Teladoc’s total visits in Q2 increased 203% from a year ago to 2.8 million, leading to 85% revenue growth to $241 million. Revenue guidance of at least $980 million for the full-year period (a 77% increase over 2019) and adjusted EBITDA (earnings before interest, tax, depreciation, and amortization) of at least $85 million was also issued, and 2021 preliminary guidance of another 30% to 40% revenue growth was also provided. The leader in telemedicine is clearly getting a massive boost from the effects of COVID-19.
But of course the rosy outlook was before Teladoc announced it was merging with high-flying outfit Livongo Health (NASDAQ:LVGO). Post-merger, Teladoc shareholders will own 58% of the company to Livongo shareholders’ 42%. While the deal (valued at $18.5 billion based on stock prices on Aug. 4) was initially panned by many, I think the long-term implications of the tie-up bode well for owners. The merger brings together two of the fastest-growing companies in healthcare tech, deepening Teladoc’s lead in what I think will be a very important industry after the pandemic is beaten.

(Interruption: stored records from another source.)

(* Let $n\ge1$, $t>0$, $\lambda\in\mathbb{R}\setminus\{0\}$. For all $\mathbf a,\mathbf b\in\mathbb{R}^n$, $$\int_{\mathbb{C}^n}\int_{\mathbb{C}^n} p_{2t}^\lambda(\mathbf z+\mathbf a,\mathbf w+\mathbf b)\,e^{\frac{i\lambda}{2}(\mathbf a\cdot\mathbf w-\mathbf b\cdot\mathbf z)}\,\overline{p_{2t}^\lambda(\mathbf z,\mathbf w)}\,W_t^\lambda(\mathbf z,\mathbf w)\,d\mathbf z\,d\mathbf w=p_{2t}^\lambda(\mathbf a,\mathbf b).$$
   Context: For $\mathbf a,\mathbf b\in\mathbb{C}^n$ write $\mathbf a\cdot\mathbf b=\sum_j a_jb_j$ (complex bilinear). For $s>0$, $\lambda\in\mathbb{R}\setminus\{0\}$ and $(\mathbf z,\mathbf w)\in\mathbb{C}^n\times\mathbb{C}^n$ let $p_s^\lambda(\mathbf z,\mathbf w)=(4\pi)^{-n}\left(\frac{\lambda}{\sinh(s\lambda)}\right)^n\exp\!\big(-\tfrac{\lambda}{4}\coth(s\lambda)(\mathbf z\cdot\mathbf z+\mathbf w\cdot\mathbf w)\big)$. Define $W_t^\lambda(\mathbf x+i\mathbf y,\mathbf u+i\mathbf v)=4^n e^{\lambda(\mathbf u\cdot\mathbf y-\mathbf v\cdot\mathbf x)}\,p_{2t}^\lambda(2\mathbf y,2\mathbf v)$ for $\mathbf x,\mathbf y,\mathbf u,\mathbf v\in\mathbb{R}^n$. Integration is with respect to Lebesgue measure on $\mathbb{C}^n\times\mathbb{C}^n\cong\mathbb{R}^{4n}$. *)

theory Defs
  imports "HOL-Analysis.Analysis"
begin

text \<open>Complex bilinear (not Hermitian) dot product on C^n.\<close>
definition cdot :: "complex^'n \<Rightarrow> complex^'n \<Rightarrow> complex" where
  "cdot a b = (\<Sum>j\<in>UNIV. a$j * b$j)"

definition cvec :: "real^'n \<Rightarrow> complex^'n" where
  "cvec a = (\<chi> j. complex_of_real (a$j))"

definition re_vec :: "complex^'n \<Rightarrow> real^'n" where
  "re_vec z = (\<chi> j. Re (z$j))"

definition im_vec :: "complex^'n \<Rightarrow> real^'n" where
  "im_vec z = (\<chi> j. Im (z$j))"

definition coth :: "real \<Rightarrow> real" where
  "coth x = cosh x / sinh x"

definition pker :: "real \<Rightarrow> real \<Rightarrow> complex^'n \<Rightarrow> complex^'n \<Rightarrow> complex" where
  "pker s lam z w =
     complex_of_real ((4*pi) powi (- int CARD('n)) * (lam / sinh (s*lam)) ^ CARD('n))
     * exp (- complex_of_real (lam/4 * coth (s*lam)) * (cdot z z + cdot w w))"

definition Wker :: "real \<Rightarrow> real \<Rightarrow> complex^'n \<Rightarrow> complex^'n \<Rightarrow> complex" where
  "Wker t lam z w =
     (let x = re_vec z; y = im_vec z; u = re_vec w; v = im_vec w in
      complex_of_real (4 ^ CARD('n) * exp (lam * (u \<bullet> y - v \<bullet> x)))
      * pker (2*t) lam (cvec (2 *\<^sub>R y)) (cvec (2 *\<^sub>R v)))"

end

theory Submission
  imports Defs "HOL-Probability.Characteristic_Functions"
begin

(*
  In one coordinate, with z = x + iy and w = u + iv, the integrand is the product of a complex
  Gaussian in the plane (x, v) and one in the plane (u, y): the phase and the weight W only couple
  Re z with Im w and Re w with Im z.  Lebesgue measure on C^n x C^n is the product of Lebesgue
  measures on these 2n planes, so the integral is a product of 2n two-dimensional Gaussian
  integrals, each computed in closed form by completing the square and reducing to the
  characteristic function of the standard normal distribution.  For the two planes of one
  coordinate the imaginary exponents cancel, and since 4K^2 - lam^2/4 = (2 pi P)^2 for the
  prefactor P and exponent K of p_{2t}, what remains is exactly the coordinate factor
  P exp (-K (a^2 + b^2)) of p_{2t}(a, b).
*)

lemma has_bochner_integral_gaussian_iexp:
  fixes \<theta> :: real
  shows "has_bochner_integral lborel (\<lambda>x. of_real (exp (- x\<^sup>2 / 2)) * iexp (\<theta> * x))
           (of_real (sqrt (2 * pi) * exp (- \<theta>\<^sup>2 / 2)))"
proof -
  interpret real_distribution std_normal_distribution
    by (rule real_dist_normal_dist)
  have "integrable std_normal_distribution (\<lambda>x. iexp (\<theta> * x))"
    by (rule integrable_iexp) auto
  then have "integrable lborel (\<lambda>x. std_normal_density x *\<^sub>R iexp (\<theta> * x))"
    by (subst (asm) integrable_density) auto
  moreover have "(\<integral>x. std_normal_density x *\<^sub>R iexp (\<theta> * x) \<partial>lborel) = of_real (exp (- \<theta>\<^sup>2 / 2))"
    using fun_cong[OF char_std_normal_distribution, of \<theta>] unfolding char_def
    by (subst (asm) integral_density) auto
  ultimately have "has_bochner_integral lborel
      (\<lambda>x. of_real (sqrt (2 * pi)) * (std_normal_density x *\<^sub>R iexp (\<theta> * x)))
      (of_real (sqrt (2 * pi)) * of_real (exp (- \<theta>\<^sup>2 / 2)))"
    by (intro has_bochner_integral_mult_right) (simp add: has_bochner_integral_iff)
  then show ?thesis
    by (simp add: std_normal_density_def scaleR_conv_of_real mult_ac)
qed

lemma complex_quadratic_complete_square:
  fixes A y :: real and \<beta> :: complex
  assumes "A > 0"
  defines "c \<equiv> 1 / sqrt (2 * A)"
  shows "\<beta> * of_real (Re \<beta> / (2 * A) + c * y) - of_real A * of_real ((Re \<beta> / (2 * A) + c * y)\<^sup>2)
      = \<beta>\<^sup>2 / of_real (4 * A) + of_real ((Im \<beta> * c)\<^sup>2 / 2)
        + (of_real (- y\<^sup>2 / 2) + \<i> * of_real (Im \<beta> * c * y))"
    (is "?lhs = ?rhs")
proof (rule complex_eqI)
  have "c * c = 1 / (2 * A)"
    using assms by (simp add: c_def)
  then show "Re ?lhs = Re ?rhs"
    using assms(1) by (simp add: power2_eq_square field_simps) algebra
  show "Im ?lhs = Im ?rhs"
    using assms(1) by (simp add: power2_eq_square field_simps)
qed

lemma has_bochner_integral_complex_gaussian:
  fixes A :: real and \<beta> :: complex
  assumes "A > 0"
  shows "has_bochner_integral lborel (\<lambda>x. exp (\<beta> * of_real x - of_real A * of_real (x\<^sup>2)))
           (of_real (sqrt (pi / A)) * exp (\<beta>\<^sup>2 / of_real (4 * A)))"
proof -
  define c where "c = 1 / sqrt (2 * A)"
  define t where "t = Re \<beta> / (2 * A)"
  define \<theta> where "\<theta> = Im \<beta> * c"
  define \<kappa> where "\<kappa> = \<beta>\<^sup>2 / of_real (4 * A) + of_real (\<theta>\<^sup>2 / 2)"
  have "c > 0"
    using assms by (simp add: c_def)
  \<comment> \<open>Completing the square with the real shift \<open>t\<close> leaves a standard Gaussian times a character.\<close>
  have shift: "exp (\<beta> * of_real (t + c * y) - of_real A * of_real ((t + c * y)\<^sup>2))
      = exp \<kappa> * (of_real (exp (- y\<^sup>2 / 2)) * iexp (\<theta> * y))" for y
  proof -
    have "\<beta> * of_real (t + c * y) - of_real A * of_real ((t + c * y)\<^sup>2)
        = \<kappa> + (of_real (- y\<^sup>2 / 2) + \<i> * of_real (\<theta> * y))"
      unfolding t_def \<theta>_def \<kappa>_def c_def by (rule complex_quadratic_complete_square[OF assms])
    then show ?thesis
      by (simp only: exp_add exp_of_real)
  qed
  have "has_bochner_integral lborel (\<lambda>y. exp \<kappa> * (of_real (exp (- y\<^sup>2 / 2)) * iexp (\<theta> * y)))
      (exp \<kappa> * of_real (sqrt (2 * pi) * exp (- \<theta>\<^sup>2 / 2)))"
    by (rule has_bochner_integral_mult_right[OF has_bochner_integral_gaussian_iexp])
  then have shifted: "has_bochner_integral lborel
      (\<lambda>y. exp (\<beta> * of_real (t + c * y) - of_real A * of_real ((t + c * y)\<^sup>2)))
      (exp \<kappa> * of_real (sqrt (2 * pi) * exp (- \<theta>\<^sup>2 / 2)))"
    unfolding shift .
  have "\<kappa> + of_real (- \<theta>\<^sup>2 / 2) = \<beta>\<^sup>2 / of_real (4 * A)"
    by (simp add: \<kappa>_def)
  then have "exp \<kappa> * of_real (exp (- \<theta>\<^sup>2 / 2)) = exp (\<beta>\<^sup>2 / of_real (4 * A))"
    by (metis exp_add exp_of_real)
  moreover have "sqrt (2 * pi) = sqrt (pi / A) / c"
    using assms by (simp add: c_def real_sqrt_divide real_sqrt_mult field_simps)
  ultimately have "exp \<kappa> * of_real (sqrt (2 * pi) * exp (- \<theta>\<^sup>2 / 2))
      = of_real (sqrt (pi / A) / c) * exp (\<beta>\<^sup>2 / of_real (4 * A))"
    by (simp add: mult.left_commute)
  also have "\<dots> = (of_real (sqrt (pi / A)) * exp (\<beta>\<^sup>2 / of_real (4 * A))) /\<^sub>R \<bar>c\<bar>"
    using \<open>c > 0\<close> by (simp only: abs_of_pos scaleR_conv_of_real of_real_mult of_real_inverse divide_inverse mult_ac)
  finally show ?thesis
    using shifted \<open>c > 0\<close> by (subst lborel_has_bochner_integral_real_affine_iff[where c = c and t = t]) auto
qed

definition gaussian2 :: "real \<Rightarrow> real \<Rightarrow> real \<Rightarrow> complex \<Rightarrow> complex \<Rightarrow> real \<times> real \<Rightarrow> complex" where
  "gaussian2 A B c \<beta>\<^sub>1 \<beta>\<^sub>2 = (\<lambda>(x, y). exp (\<beta>\<^sub>1 * of_real x + \<beta>\<^sub>2 * of_real y
      - of_real A * of_real (x\<^sup>2) - of_real c * of_real x * of_real y - of_real B * of_real (y\<^sup>2)))"

lemma borel_measurable_gaussian2: "gaussian2 A B c \<beta>\<^sub>1 \<beta>\<^sub>2 \<in> borel_measurable borel"
  unfolding gaussian2_def case_prod_beta by (intro borel_measurable_continuous_onI continuous_intros)

lemma norm_gaussian2:
  "norm (gaussian2 A B c \<beta>\<^sub>1 \<beta>\<^sub>2 p) = Re (gaussian2 A B c (of_real (Re \<beta>\<^sub>1)) (of_real (Re \<beta>\<^sub>2)) p)"
proof -
  have "gaussian2 A B c (of_real (Re \<beta>\<^sub>1)) (of_real (Re \<beta>\<^sub>2)) p
      = of_real (exp (Re (\<beta>\<^sub>1 * of_real (fst p) + \<beta>\<^sub>2 * of_real (snd p)) - A * (fst p)\<^sup>2
          - c * fst p * snd p - B * (snd p)\<^sup>2))"
    by (simp add: gaussian2_def split_beta exp_of_real[symmetric])
  then show ?thesis
    by (simp add: gaussian2_def split_beta)
qed

lemma has_bochner_integral_gaussian2_slice:
  assumes "B > 0"
  shows "has_bochner_integral lborel (\<lambda>y. gaussian2 A B c \<beta>\<^sub>1 \<beta>\<^sub>2 (x, y))
      (of_real (sqrt (pi / B)) * exp (\<beta>\<^sub>2\<^sup>2 / of_real (4 * B))
        * exp ((\<beta>\<^sub>1 - of_real c * \<beta>\<^sub>2 / of_real (2 * B)) * of_real x
               - of_real (A - c\<^sup>2 / (4 * B)) * of_real (x\<^sup>2)))"
proof -
  have "has_bochner_integral lborel
      (\<lambda>y. exp (\<beta>\<^sub>1 * of_real x - of_real A * of_real (x\<^sup>2))
         * exp ((\<beta>\<^sub>2 - of_real c * of_real x) * of_real y - of_real B * of_real (y\<^sup>2)))
      (exp (\<beta>\<^sub>1 * of_real x - of_real A * of_real (x\<^sup>2))
         * (of_real (sqrt (pi / B)) * exp ((\<beta>\<^sub>2 - of_real c * of_real x)\<^sup>2 / of_real (4 * B))))"
    by (intro has_bochner_integral_mult_right has_bochner_integral_complex_gaussian assms)
  moreover have integrand: "exp (\<beta>\<^sub>1 * of_real x - of_real A * of_real (x\<^sup>2))
         * exp ((\<beta>\<^sub>2 - of_real c * of_real x) * of_real y - of_real B * of_real (y\<^sup>2))
      = gaussian2 A B c \<beta>\<^sub>1 \<beta>\<^sub>2 (x, y)" for y
    unfolding gaussian2_def exp_add[symmetric] by (simp add: algebra_simps)
  moreover have "\<beta>\<^sub>1 * of_real x - of_real A * of_real (x\<^sup>2) + (\<beta>\<^sub>2 - of_real c * of_real x)\<^sup>2 / of_real (4 * B)
      = \<beta>\<^sub>2\<^sup>2 / of_real (4 * B) + ((\<beta>\<^sub>1 - of_real c * \<beta>\<^sub>2 / of_real (2 * B)) * of_real x
          - of_real (A - c\<^sup>2 / (4 * B)) * of_real (x\<^sup>2))"
    using assms by (simp add: field_simps power2_eq_square)
  then have completed_square: "exp (\<beta>\<^sub>1 * of_real x - of_real A * of_real (x\<^sup>2))
         * (of_real (sqrt (pi / B)) * exp ((\<beta>\<^sub>2 - of_real c * of_real x)\<^sup>2 / of_real (4 * B)))
      = of_real (sqrt (pi / B)) * exp (\<beta>\<^sub>2\<^sup>2 / of_real (4 * B))
        * exp ((\<beta>\<^sub>1 - of_real c * \<beta>\<^sub>2 / of_real (2 * B)) * of_real x
               - of_real (A - c\<^sup>2 / (4 * B)) * of_real (x\<^sup>2))"
    by (metis (no_types, lifting) exp_add mult.assoc mult.left_commute)
  ultimately show ?thesis
    unfolding integrand completed_square by simp
qed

The resulting company will be a powerhouse with combined revenue of $1.3 billion in 2020 and still growing well into double-digit percentages. The stock is undeniably expensive at well over 20 times 2020 expected revenue (when factoring for the merger). But looking out over the next decade, I think Teladoc will continue its long-term winning ways as healthcare industry virtualization speeds up because of COVID-19.